# Visa question: bringing girlfriend with me to france as family member on talent passport



## dhr108

Hi everyone

I've just found this forum after searing google with visa questions and it seems like a nice community. I've recently been offered a job in france as a researcher. This means (I'm pretty sure) that I will have a talent passport under the researcher category no problem. However I would like to move with my girlfriend, and ideally she'd be able to work while in France.

One option I've been told is a possibility is to get a civil partnership (equivalent to a PACS), and this, plus living together for 1 year + with my girlfriend, will meet the requirements for her to be awarded a talent passport, family member visa. However other sources I've read say that only a marriage certificate is sufficient. Does anyone have any further insight into this?

Another option I've been told is the long stay tourist visa, however we don't have the savings required for that. I've also been told that for me to write a letter saying I would finacially support her would require a civil parntership/pacs as well, so to avoid this may require on her parents saying they will support her - which seems a bit dubious. Also I understand she wouldn't be able to work or open a bank account on this visa?

What do you think would be the best approach to take? We'd be open to getting a civil partnership if it's what's required for us to live together. 
Thanks


----------



## Crabtree

If you are not in a civil union or married then a girlfriend does not count as a family member assuming that she is not an EU citizen. She would not be able to work unless she gets a job and then the employer would have to show why they want to employ a non EU citizen or she would have to get a business visa to allow her to start her own business.
If you get "hitched" in the UK this would make things simple


----------



## Bevdeforges

A simple statement of support isn't going to do much good these days. You basically have to be in a recognized (by your home country) civil partnership - in which case the obligation to support is part of the "family law" here in France. The "ideal" situation, if you don't want to get married would actually be for your girlfriend to find a job in the general area of where you will be working, with a separate work related visa in her own name. That's not that easy, though, and depends enormously on what line of work she's in, whether she speaks much/any French, the salary level, etc. 

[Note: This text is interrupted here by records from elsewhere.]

lemma no_accepting_rejecting_cycle:
  assumes wfA: "gba_wf A" and wfB: "gba_wf B" and det: "deterministic B" and "colours B \<noteq> {}"
    and lang: "lang B = lang A"
    and "jointly_reachable A B q p" and cycle: "rejecting_cycle A B q p xs ys"
    and covering: "colours A \<subseteq> (\<Union>t\<in>set xs. col A t)"
  shows False
proof -
  obtain u v where u: "is_path (trans A) (init A) u q" and v: "is_path (trans B) (init B) v p"
    and uv: "map (fst \<circ> snd) u = map (fst \<circ> snd) v"
    using \<open>jointly_reachable A B q p\<close> unfolding jointly_reachable_def by blast
  have "xs \<noteq> []" and xsys: "map (fst \<circ> snd) xs = map (fst \<circ> snd) ys"
    using cycle unfolding rejecting_cycle_def by simp_all
  then have "ys \<noteq> []"
    by auto
  define ra where "ra = u \<frown> xs\<^sup>\<omega>"
  define rb where "rb = v \<frown> ys\<^sup>\<omega>"
  define w where "w = fst \<circ> snd \<circ> ra"
  have "is_inf_path (trans A) q xs\<^sup>\<omega>" and "is_inf_path (trans B) p ys\<^sup>\<omega>"
    using cycle \<open>xs \<noteq> []\<close> \<open>ys \<noteq> []\<close> by (simp_all add: rejecting_cycle_def is_inf_path_iter)
  then have "is_inf_path (trans A) (init A) ra" and "is_inf_path (trans B) (init B) rb"
    unfolding ra_def rb_def by (simp_all add: is_inf_path_conc[OF u] is_inf_path_conc[OF v])
  moreover have "fst \<circ> snd \<circ> rb = w"
    using \<open>xs \<noteq> []\<close> \<open>ys \<noteq> []\<close> by (simp add: w_def ra_def rb_def comp_iter uv xsys)
  ultimately have run_ra: "is_run A w ra" and run_rb: "is_run B w rb"
    by (simp_all add: is_run_iff w_def)
  have "accepting A ra"
    using covering finite_range_run[OF wfA run_ra] \<open>xs \<noteq> []\<close>
    by (simp add: accepting_iff_limit ra_def)
  then have "w \<in> lang B"
    using in_lang_of_run[OF wfA run_ra] lang by simp
  then obtain rb' where "is_run B w rb'" and "accepting B rb'"
    unfolding lang_def by blast
  then have "accepting B rb"
    using deterministic_run_unique[OF det _ run_rb] by blast
  then have "colours B \<subseteq> (\<Union>t\<in>set ys. col B t)"
    using finite_range_run[OF wfB run_rb] \<open>ys \<noteq> []\<close> by (simp add: accepting_iff_limit rb_def)
  then show False
    using cycle \<open>colours B \<noteq> {}\<close> unfolding rejecting_cycle_def by blast
qed

lemma accepting_run_leaves_rejecting_cycles:
  assumes wfA: "gba_wf A" and "gba_wf B" and "deterministic B" and "colours B \<noteq> {}"
    and "lang B = lang A" and run: "is_run A w r" and acc: "accepting A r"
  shows "\<not> limit r \<subseteq> rejecting_cycle_trans A B q p"
proof
  assume in_cycles: "limit r \<subseteq> rejecting_cycle_trans A B q p"
  have fin: "finite (range r)"
    using finite_range_run[OF wfA run] .
  then obtain e where "e \<in> limit r"
    using limit_nonempty by metis
  have cycles: "\<exists>xs ys. rejecting_cycle A B q p xs ys \<and> t \<in> set xs" if "t \<in> limit r" for t
    using in_cycles that unfolding rejecting_cycle_trans_def by blast
  obtain xs ys where cycle: "rejecting_cycle A B q p xs ys" and "limit r \<subseteq> set xs"
    using rejecting_cycle_through[OF finite_subset[OF limit_in_range fin] _ cycles] \<open>e \<in> limit r\<close>
    by blast
  have "jointly_reachable A B q p"
    using in_cycles \<open>e \<in> limit r\<close> unfolding rejecting_cycle_trans_def by auto
  moreover have "colours A \<subseteq> (\<Union>t\<in>set xs. col A t)"
    using acc \<open>limit r \<subseteq> set xs\<close> by (auto simp: accepting_iff_limit[OF fin])
  ultimately show False
    using no_accepting_rejecting_cycle[OF assms(1-5) _ cycle] by blast
qed

lemma rejecting_run_in_rejecting_cycles:
  assumes wfA: "gba_wf A" and wfB: "gba_wf B" and buchi: "colours B = {cb}"
    and r: "is_run A w r" and rb: "is_run B w rb" and rejecting: "\<not> accepting B rb"
  shows "\<exists>q\<in>states A. \<exists>p\<in>states B. limit r \<subseteq> rejecting_cycle_trans A B q p"
proof -
  have fin: "finite (range rb)"
    using finite_range_run[OF wfB rb] .
  obtain k where k: "limit rb = range (suffix k rb)"
    using limit_is_suffix[OF fin] by blast
  have no_colour: "col B t \<inter> colours B = {}" if "t \<in> limit rb" for t
    using rejecting that unfolding accepting_iff_limit[OF fin] buchi by blast
  have quiet: "col B (rb i) \<inter> colours B = {}" if "k \<le> i" for i
  proof -
    have "rb i = suffix k rb (i - k)"
      using that by simp
    then show ?thesis
      using no_colour k by (metis rangeI)
  qed
  define s where "s i = (fst (r i), fst (rb i))" for i
  have s_states: "s i \<in> states A \<times> states B" for i
    using run_state_in_states[OF wfA r] run_state_in_states[OF wfB rb] by (simp add: s_def)
  then have "finite (range s)"
    using wfA wfB unfolding gba_wf_def by (metis finite_SigmaI finite_subset image_subsetI)
  then obtain q p where qp: "(q, p) \<in> limit s"
    using limit_nonempty by fastforce
  then obtain i0 where "k \<le> i0" and "s i0 = (q, p)"
    using limit_subset[of s k] by auto
  then have "q \<in> states A" and "p \<in> states B"
    using s_states[of i0] by auto
  have "r i \<in> rejecting_cycle_trans A B q p" if "i0 \<le> i" for i
  proof -
    obtain j where "i < j" and "s j = (q, p)"
      using qp by (auto simp: limit_iff_frequent INFM_nat)
    then have "rejecting_cycle A B q p (r[i0 \<rightarrow> j]) (rb[i0 \<rightarrow> j])"
      using rejecting_cycle_runs[OF r rb, of i0 j] quiet \<open>k \<le> i0\<close> \<open>s i0 = (q, p)\<close> that
      unfolding s_def by auto
    moreover have "jointly_reachable A B q p"
      using jointly_reachable_runs[OF r rb, of i0] \<open>s i0 = (q, p)\<close> unfolding s_def by simp
    moreover have "r i \<in> set (r[i0 \<rightarrow> j])"
      using that \<open>i < j\<close> by simp
    ultimately show ?thesis
      unfolding rejecting_cycle_trans_def by blast
  qed
  then have "limit r \<subseteq> rejecting_cycle_trans A B q p"
    using limit_subset[of r i0] by auto
  then show ?thesis
    using \<open>q \<in> states A\<close> \<open>p \<in> states B\<close> by blast
qed

lemma run_leaving_rejecting_cycles_in_lang:
  assumes wfA: "gba_wf A" and wfB: "gba_wf B" and "live A" and "deterministic B"
    and buchi: "colours B = {cb}" and lang: "lang B = lang A" and r: "is_run A w r"
    and leaving: "\<And>q p. q \<in> states A \<Longrightarrow> p \<in> states B \<Longrightarrow> \<not> limit r \<subseteq> rejecting_cycle_trans A B q p"
  shows "w \<in> lang A"
proof -
  obtain rb where rb: "is_run B w rb"
    using run_of_equivalent_deterministic[OF wfA \<open>live A\<close> \<open>deterministic B\<close> lang r] by blast
  have "accepting B rb"
  proof (rule ccontr)
    assume "\<not> accepting B rb"
    then show False
      using rejecting_run_in_rejecting_cycles[OF wfA wfB buchi r rb] leaving by metis
  qed
  then show ?thesis
    using in_lang_of_run[OF wfB rb] lang by simp
qed

section \<open>Recolouring\<close>

lemma recolour_simps [simp]:
  "states (recolour A C c) = states A" "alphabet (recolour A C c) = alphabet A"
  "init (recolour A C c) = init A" "trans (recolour A C c) = trans A"
  "colours (recolour A C c) = C" "col (recolour A C c) = c"
  by (simp_all add: recolour_def)

lemma is_run_recolour [simp]: "is_run (recolour A C c) = is_run A"
  by (simp add: fun_eq_iff is_run_def)

lemma accepting_recolour_inj_image:
  assumes "inj_on g S" and "finite (range r)"
  shows "accepting (recolour A (g ` S) (\<lambda>e. g ` {x \<in> S. P x e})) r \<longleftrightarrow> (\<forall>x\<in>S. \<exists>t\<in>limit r. P x t)"
proof -
  have "g x \<in> g ` {x \<in> S. P x t} \<longleftrightarrow> P x t" if "x \<in> S" for x t
    using inj_on_image_mem_iff[OF assms(1) that, of "{x \<in> S. P x t}"] that by auto
  then show ?thesis
    unfolding accepting_iff_limit[OF assms(2)] recolour_simps image_subset_iff UN_iff by simp
qed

And, depending on where she is from, be careful you don't get into the issue of needing a "family reunification" visa - which may require you to live in France for 18 months before you can "sponsor" her. (If she has a "dependent" visa with you and arrives at the same time you do, then no problem - but if she will be following you to France, you may run into the 18 month thing). Take a look here for details: Family reunification - Ofii


----------



## BackinFrance

Perhaps take a look at Campus France with a view to your girlfriend getting a student visa as those visas allow for some work in France.


----------



## dhr108

Thanks for all your replies everyone. We've spoken between us and we don't really want to get a civil partnership or marriage just for a visa. Bev, you said that a statement of support wouldn't to much good? Does that only apply to a letter from me or would that also apply to a letter from her Mum? From looking elsewhere it seems like our best option might be for her to apply for a tourist visa and have her Mum write a letter saying she promises to fund her, alongside supporting bank statements. Would this be accepted?


----------



## Bevdeforges

A "tourist visa" is usually the 90 day "Schengen visa" that they stamp in someone's passport. She wouldn't need any sort of statement of support for that. But she would have to leave France within 90 days (and could spend no more than 90 days in France in any rotating 180 day period).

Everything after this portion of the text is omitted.